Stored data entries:
__________________________________________________
lemma sum_strict_triples_lessThan_Suc:
  fixes F :: "nat \<Rightarrow> nat \<Rightarrow> nat \<Rightarrow> 'a::comm_monoid_add"
  shows "(\<Sum>i<Suc N. \<Sum>j<Suc N. \<Sum>k<Suc N. if i < j \<and> j < k then F i j k else 0) =
    (\<Sum>i<N. \<Sum>j<N. \<Sum>k<N. if i < j \<and> j < k then F i j k else 0) +
    (\<Sum>i<N. \<Sum>j<N. if i < j then F i j N else 0)"
proof -
  have "(\<Sum>i<Suc N. \<Sum>j<Suc N. \<Sum>k<Suc N. if i < j \<and> j < k then F i j k else 0) =
      (\<Sum>i<N. \<Sum>j<N. (\<Sum>k<N. if i < j \<and> j < k then F i j k else 0) + (if i < j then F i j N else 0))"
    by (simp add: sum.neutral)
  then show ?thesis
    by (simp add: sum.distrib)
qed

definition weight :: "nat \<Rightarrow> idx \<Rightarrow> nat" where
  "weight n x = (\<Sum>i<n. of_bool (x i))"

lemma weight_Suc: "weight (Suc n) x = weight n x + of_bool (x n)"
  by (simp add: weight_def)

lemma strict_pairs_eq_weight_choose:
  "(\<Sum>i<n. \<Sum>j<n. if i < j then of_bool (x i \<and> x j) else 0) = weight n x choose 2"
proof (induction n)
  case (Suc n)
  have "(\<Sum>i<Suc n. \<Sum>j<Suc n. if i < j then of_bool (x i \<and> x j) else 0) =
      (\<Sum>i<n. \<Sum>j<n. if i < j then of_bool (x i \<and> x j) else 0) + (if x n then weight n x else 0)"
    unfolding weight_def by (subst sum_strict_pairs_lessThan_Suc) (auto intro!: sum.cong)
  then show ?case
    by (simp add: Suc weight_Suc numeral_2_eq_2)
qed (simp add: weight_def)

lemma strict_triples_eq_weight_choose:
  "(\<Sum>i<n. \<Sum>j<n. \<Sum>k<n. if i < j \<and> j < k then of_bool (x i \<and> x j \<and> x k) else 0) =
    weight n x choose 3"
proof (induction n)
  case (Suc n)
  have "(\<Sum>i<Suc n. \<Sum>j<Suc n. \<Sum>k<Suc n. if i < j \<and> j < k then of_bool (x i \<and> x j \<and> x k) else 0) =
      (\<Sum>i<n. \<Sum>j<n. \<Sum>k<n. if i < j \<and> j < k then of_bool (x i \<and> x j \<and> x k) else 0) +
      (if x n then weight n x choose 2 else 0)"
    unfolding strict_pairs_eq_weight_choose[symmetric]
    by (subst sum_strict_triples_lessThan_Suc) (auto simp: sum.neutral intro!: sum.cong)
  then show ?case
    by (simp add: Suc weight_Suc numeral_3_eq_3 numeral_2_eq_2)
qed (simp add: weight_def)

lemma pairs_le_eq_weight_choose:
  "(\<Sum>i<n. \<Sum>j<n. if i \<le> j then of_bool (x i \<and> x j) else 0) = (weight n x choose 2) + weight n x"
proof (induction n)
  case (Suc n)
  have "(\<Sum>i<Suc n. \<Sum>j<Suc n. if i \<le> j then of_bool (x i \<and> x j) else 0) =
      (\<Sum>i<n. \<Sum>j<n. if i \<le> j then of_bool (x i \<and> x j) else 0) + (if x n then weight n x + 1 else 0)"
    unfolding weight_def by (subst sum_pairs_le_lessThan_Suc) (auto intro!: sum.cong)
  then show ?case
    by (simp add: Suc weight_Suc numeral_2_eq_2)
qed (simp add: weight_def)

lemma twist_diag:
  "twist n p x x =
    3 * (weight n x choose 3) + (weight n x choose 2) + weight n x + (\<Sum>i<p. of_bool (x i))"
proof -
  have "(if c then a + a + a else 0) = 3 * (if c then a else 0)" for c and a :: nat
    by simp
  then show ?thesis
    unfolding twist_def
    by (simp only: simp_thms sum_distrib_left[symmetric] strict_triples_eq_weight_choose
        pairs_le_eq_weight_choose)
qed

lemma neg_one_power_choose_two:
  "(-1::'a::ring_1) ^ (w choose 2) = (if w mod 4 < 2 then 1 else -1)"
proof (induction w)
  case (Suc w)
  have Suc_choose: "Suc w choose 2 = (w choose 2) + w"
    by (simp add: numeral_2_eq_2)
  have "w mod 4 = 0 \<or> w mod 4 = 1 \<or> w mod 4 = 2 \<or> w mod 4 = 3"
    by presburger
  moreover have "even w \<longleftrightarrow> w mod 4 = 0 \<or> w mod 4 = 2"
    by presburger
  ultimately show ?case
    unfolding Suc_choose power_add Suc by (elim disjE) (simp_all add: mod_Suc)
qed (simp add: numeral_2_eq_2)

lemma neg_one_power_diag_weight:
  "(-1::'a::ring_1) ^ (3 * (w choose 3) + (w choose 2) + w) = (if 4 dvd w then 1 else -1)"
proof (induction w)
  case (Suc w)
  have Suc_choose: "3 * (Suc w choose 3) + (Suc w choose 2) + Suc w =
      (3 * (w choose 3) + (w choose 2) + w) + 3 * (w choose 2) + w + 1"
    by (simp add: numeral_3_eq_3 numeral_2_eq_2)
  have "(-1::'a) ^ (3 * (Suc w choose 3) + (Suc w choose 2) + Suc w) =
      (-1) ^ (3 * (w choose 3) + (w choose 2) + w) * ((-1) ^ (w choose 2)) ^ 3 * (-1) ^ w * (-1)"
    unfolding Suc_choose power_add by (simp add: mult.commute flip: power_mult)
  moreover have "w mod 4 = 0 \<or> w mod 4 = 1 \<or> w mod 4 = 2 \<or> w mod 4 = 3"
    by presburger
  moreover have "even w \<longleftrightarrow> w mod 4 = 0 \<or> w mod 4 = 2"
    by presburger
  ultimately show ?case
    unfolding Suc neg_one_power_choose_two by (elim disjE) (simp_all add: mod_Suc dvd_eq_mod_eq_0)
qed (simp add: numeral_3_eq_3 numeral_2_eq_2)

lemma power_mod_four: "(z::'a::monoid_mult) ^ 4 = 1 \<Longrightarrow> z ^ w = z ^ (w mod 4)"
proof -
  assume z: "z ^ 4 = 1"
  have "z ^ w = z ^ (4 * (w div 4) + w mod 4)" by simp
  also have "\<dots> = z ^ (w mod 4)" by (simp only: power_add power_mult z) simp
  finally show ?thesis .
qed

lemma sign_four_dvd_roots_of_unity:
  "(if 4 dvd w then 1 else -1 :: complex) = (-1 + \<i> ^ w + (-1) ^ w + (-\<i>) ^ w) / 2"
proof -
  have "\<i> ^ w = \<i> ^ (w mod 4)" "(-\<i>) ^ w = (-\<i>) ^ (w mod 4)" "(-1::complex) ^ w = (-1) ^ (w mod 4)"
    by (rule power_mod_four, simp)+
  moreover have "w mod 4 = 0 \<or> w mod 4 = 1 \<or> w mod 4 = 2 \<or> w mod 4 = 3"
    by presburger
  ultimately show ?thesis
    unfolding dvd_eq_mod_eq_0
    by (elim disjE) (simp_all add: numeral_3_eq_3 numeral_2_eq_2 field_simps)
qed

section \<open>The square signature\<close>

lemma finite_grp: "finite (grp n)"
proof (rule finite_subset)
  show "grp n \<subseteq> (\<lambda>S i. i \<in> S) ` Pow {..<n}"
  proof
    fix x assume "x \<in> grp n"
    then have "x = (\<lambda>i. i \<in> {i. i < n \<and> x i})"
      by (auto simp: grp_def not_less[symmetric])
    then show "x \<in> (\<lambda>S i. i \<in> S) ` Pow {..<n}"
      by blast
  qed
qed simp

lemma grp_Suc: "grp (Suc n) = grp n \<union> (\<lambda>x. x(n := True)) ` grp n"
proof (intro set_eqI iffI)
  fix x assume x: "x \<in> grp (Suc n)"
  show "x \<in> grp n \<union> (\<lambda>x. x(n := True)) ` grp n"
  proof (cases "x n")
    case True
    then have "x = (x(n := False))(n := True)" and "x(n := False) \<in> grp n"
      using x by (auto simp: grp_def fun_eq_iff)
    then show ?thesis
      by blast
  next
    case False
    then have "x \<in> grp n"
      using x by (auto simp: grp_def) (metis Suc_leI le_neq_implies_less)
    then show ?thesis
      by blast
  qed
qed (auto simp: grp_def)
__________________________________________________
- _What this task involves_:
Return every line above where "symmetric" appears.

- _Answer to the exercise_:
    unfolding strict_pairs_eq_weight_choose[symmetric]
    by (simp only: simp_thms sum_distrib_left[symmetric] strict_triples_eq_weight_choose
      by (auto simp: grp_def not_less[symmetric])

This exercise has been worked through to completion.